According to the survey, volatility and the threat of a recession are seen as the main risks to portfolio performance and the market’s outlook as 65% of US respondents cite volatility as a top concern, while 64% say they are most worried about a recession. Some 43% say uncertainty surrounding geopolitical events poses a risk to their portfolios, while 25% expect the US presidential election to be a factor. And in a major shift away from the risk concerns cited in previous years’ surveys, only 22% said they were concerned about low yields.

The responses to the survey seem particularly optimistic considering that 46% of respondents said they felt that markets were already overvalued at the time, while 92% said they believe the prolonged bull market had made investors generally complacent about risk. And as long as the markets are rising, 48% of respondents say their clients resist portfolio rebalancing.

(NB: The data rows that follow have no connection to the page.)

(* Let $L$ be an oriented, ordered virtual link diagram with components $L_1,\dots,L_n$ and affine bilabeling $C$. Let $C'$ be another affine bilabeling in which some or all components have a different starting point, with the same starting bilabels. For component $i$ write $A_i=a^{(i)}_1+a^{(i)}_2$ and let $n_i$ be its weight. Track the classical crossings passed in going along $L_i$ from its starting point in $C$ to its starting point in $C'$: - let $O_i$ be the set of passages where $L_i$ is the overstrand; - let $U_i$ be the set of passages where $L_i$ is the understrand; - let $I_i$ be the total index change of $L_i$ along this path. Write $p_{(L,C)}=\sum_d\operatorname{sgn}(d)\,t_{o(d)}^{W_C(d)}-\mathrm{writhe}(L)$. Then $p_{(L,C')}$ is obtained from $p_{(L,C)}$ by: - replacing $A_i$ with $A_i-I_i$ for every $i$; and - multiplying the monomial of the crossing involved by $t_i^{\,n_i}$ for each passage in $O_i$, and by $t_j^{-n_i}$ for each passage in $U_i$, where $j$ is the other component involved in that crossing (possibly $j=i$).
   Context: **Diagrams.** A virtual link diagram is an oriented planar diagram of ordered closed curves $L_1,\dots,L_n$ (components) with classical and virtual crossings. **Crossing conventions.** Draw a classical crossing with both strands oriented upward. - The bottom-left-to-top-right strand has index change $-1$; the bottom-right-to-top-left strand has index change $+1$. - The crossing is positive ($\operatorname{sgn}=+1$) if the overstrand is the bottom-left-to-top-right strand, and negative otherwise. - Self-crossings have both strands on one component; external crossings have strands on different components. - The weight $n_i$ of $L_i$ is the sum of the index changes of $L_i$ over its passages through external classical crossings. **Affine bilabeling.** - Each component $L_k$ gets a starting point with bilabel $(a^{(k)}_1,a^{(k)}_2)$ of formal integer variables, distinct for different components. - The bilabel is carried along the component in its orientation and is unchanged at virtual crossings. - At a classical crossing with index change $\varepsilon$, the first entry changes by $\varepsilon$ at a self-crossing, and the second entry changes by $\varepsilon$ at an external crossing. - The discrepancy $n_k$ (in the second entry) on returning is placed at the starting point. **Weights and polynomial.** Let $|(x,y)|=x+y$. With both strands drawn upward: - if $c$ is positive, $W(c)=|\text{bottom-left}|-|\text{top-left}|$; - if $c$ is negative, $W(c)=|\text{bottom-right}|-|\text{top-right}|$. The multi-variable affine index polynomial is $p_{(L,C)}=\sum_c\operatorname{sgn}(c)(t_{o(c)}^{W(c)}-1)$ over classical crossings, where $o(c)$ is the component of the overstrand. *)

theory Defs
  imports Main
begin

text \<open>Only classical crossings matter (virtual crossings do not change labels).
  Components are numbered 0..<n.  Component k is described by the cyclic
  sequence of its passages through classical crossings, read along the
  orientation from a fixed reference point: a passage is (d, b) with d a crossing
  and b = True iff the component is the overstrand there.\<close>

type_synonym 'c passage = "'c \<times> bool"

record 'c vdiag =
  ncomp :: nat
  gauss :: "nat \<Rightarrow> 'c passage list"
  crossings :: "'c set"
  csgn :: "'c \<Rightarrow> int"

definition wf_diag :: "'c vdiag \<Rightarrow> bool" where
  "wf_diag D \<longleftrightarrow> finite (crossings D)
     \<and> (\<forall>d\<in>crossings D. csgn D d = 1 \<or> csgn D d = -1)
     \<and> (\<forall>k<ncomp D. distinct (gauss D k) \<and> fst ` set (gauss D k) \<subseteq> crossings D)
     \<and> (\<forall>d\<in>crossings D. \<forall>b. \<exists>!k. k < ncomp D \<and> (d, b) \<in> set (gauss D k))"

definition comp_of :: "'c vdiag \<Rightarrow> 'c passage \<Rightarrow> nat" where
  "comp_of D p = (THE k. k < ncomp D \<and> p \<in> set (gauss D k))"

definition over_comp :: "'c vdiag \<Rightarrow> 'c \<Rightarrow> nat" where
  "over_comp D d = comp_of D (d, True)"

definition under_comp :: "'c vdiag \<Rightarrow> 'c \<Rightarrow> nat" where
  "under_comp D d = comp_of D (d, False)"

definition self_crossing :: "'c vdiag \<Rightarrow> 'c \<Rightarrow> bool" where
  "self_crossing D d \<longleftrightarrow> over_comp D d = under_comp D d"

text \<open>With both strands upward, the overstrand of a
  positive crossing is bottom-left-to-top-right (index change -1), the overstrand
  of a negative crossing is bottom-right-to-top-left (index change +1); hence
  the overstrand has index change -sgn and the understrand +sgn.\<close>
definition idx :: "'c vdiag \<Rightarrow> 'c passage \<Rightarrow> int" where
  "idx D p = (if snd p then - csgn D (fst p) else csgn D (fst p))"

definition weight :: "'c vdiag \<Rightarrow> nat \<Rightarrow> int" where
  "weight D k = (\<Sum>p\<leftarrow>gauss D k. if self_crossing D (fst p) then 0 else idx D p)"

definition writhe :: "'c vdiag \<Rightarrow> int" where
  "writhe D = (\<Sum>d\<in>crossings D. csgn D d)"

text \<open>A choice of starting points is s :: nat => nat: the starting point of component k
  lies just before passage number (s k mod length) of gauss D k.\<close>
definition rot :: "'c vdiag \<Rightarrow> (nat \<Rightarrow> nat) \<Rightarrow> nat \<Rightarrow> 'c passage list" where
  "rot D s k = rotate (s k) (gauss D k)"

definition pos :: "'c vdiag \<Rightarrow> (nat \<Rightarrow> nat) \<Rightarrow> 'c passage \<Rightarrow> nat" where
  "pos D s p = (THE j. j < length (rot D s (comp_of D p)) \<and> rot D s (comp_of D p) ! j = p)"

text \<open>Formal affine expressions in the variables A_k = a_1^(k) + a_2^(k):
  a pair (c, c0) stands for  sum_k c k * A_k + c0.\<close>
type_synonym lin = "(nat \<Rightarrow> int) \<times> int"

definition lin_zero :: lin where "lin_zero = ((\<lambda>_. 0), 0)"
definition lin_add :: "lin \<Rightarrow> lin \<Rightarrow> lin" where
  "lin_add x y = ((\<lambda>k. fst x k + fst y k), snd x + snd y)"
definition lin_diff :: "lin \<Rightarrow> lin \<Rightarrow> lin" where
  "lin_diff x y = ((\<lambda>k. fst x k - fst y k), snd x - snd y)"
definition lin_const :: "int \<Rightarrow> lin" where
  "lin_const c = ((\<lambda>_. 0), c)"
definition lin_var :: "nat \<Rightarrow> lin" where
  "lin_var k = ((\<lambda>m. if m = k then 1 else 0), 0)"

text \<open>Bilabel on component k after passing the first j passages from the starting point:
  (a_1^(k) + (index changes at self-crossings), a_2^(k) + (index changes at external
  crossings)).  We record the two integer offsets; |(x,y)| = x + y is then
  A_k + both offsets.\<close>
definition label_offsets :: "'c vdiag \<Rightarrow> (nat \<Rightarrow> nat) \<Rightarrow> nat \<Rightarrow> nat \<Rightarrow> int \<times> int" where
  "label_offsets D s k j =
     ((\<Sum>p\<leftarrow>take j (rot D s k). if self_crossing D (fst p) then idx D p else 0),
      (\<Sum>p\<leftarrow>take j (rot D s k). if self_crossing D (fst p) then 0 else idx D p))"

“The market downturn—and expected recovery—serves as a lesson in behavioral finance, even if learned the hard way through real losses and missed goals,” said Dave Goodsell, executive director of Natixis’ Center for Investor Insight. “Financial professionals can show their value by talking with clients in real terms about risk and return expectations, helping them build resilient portfolios, and showing them how to keep emotions in check during market swings.”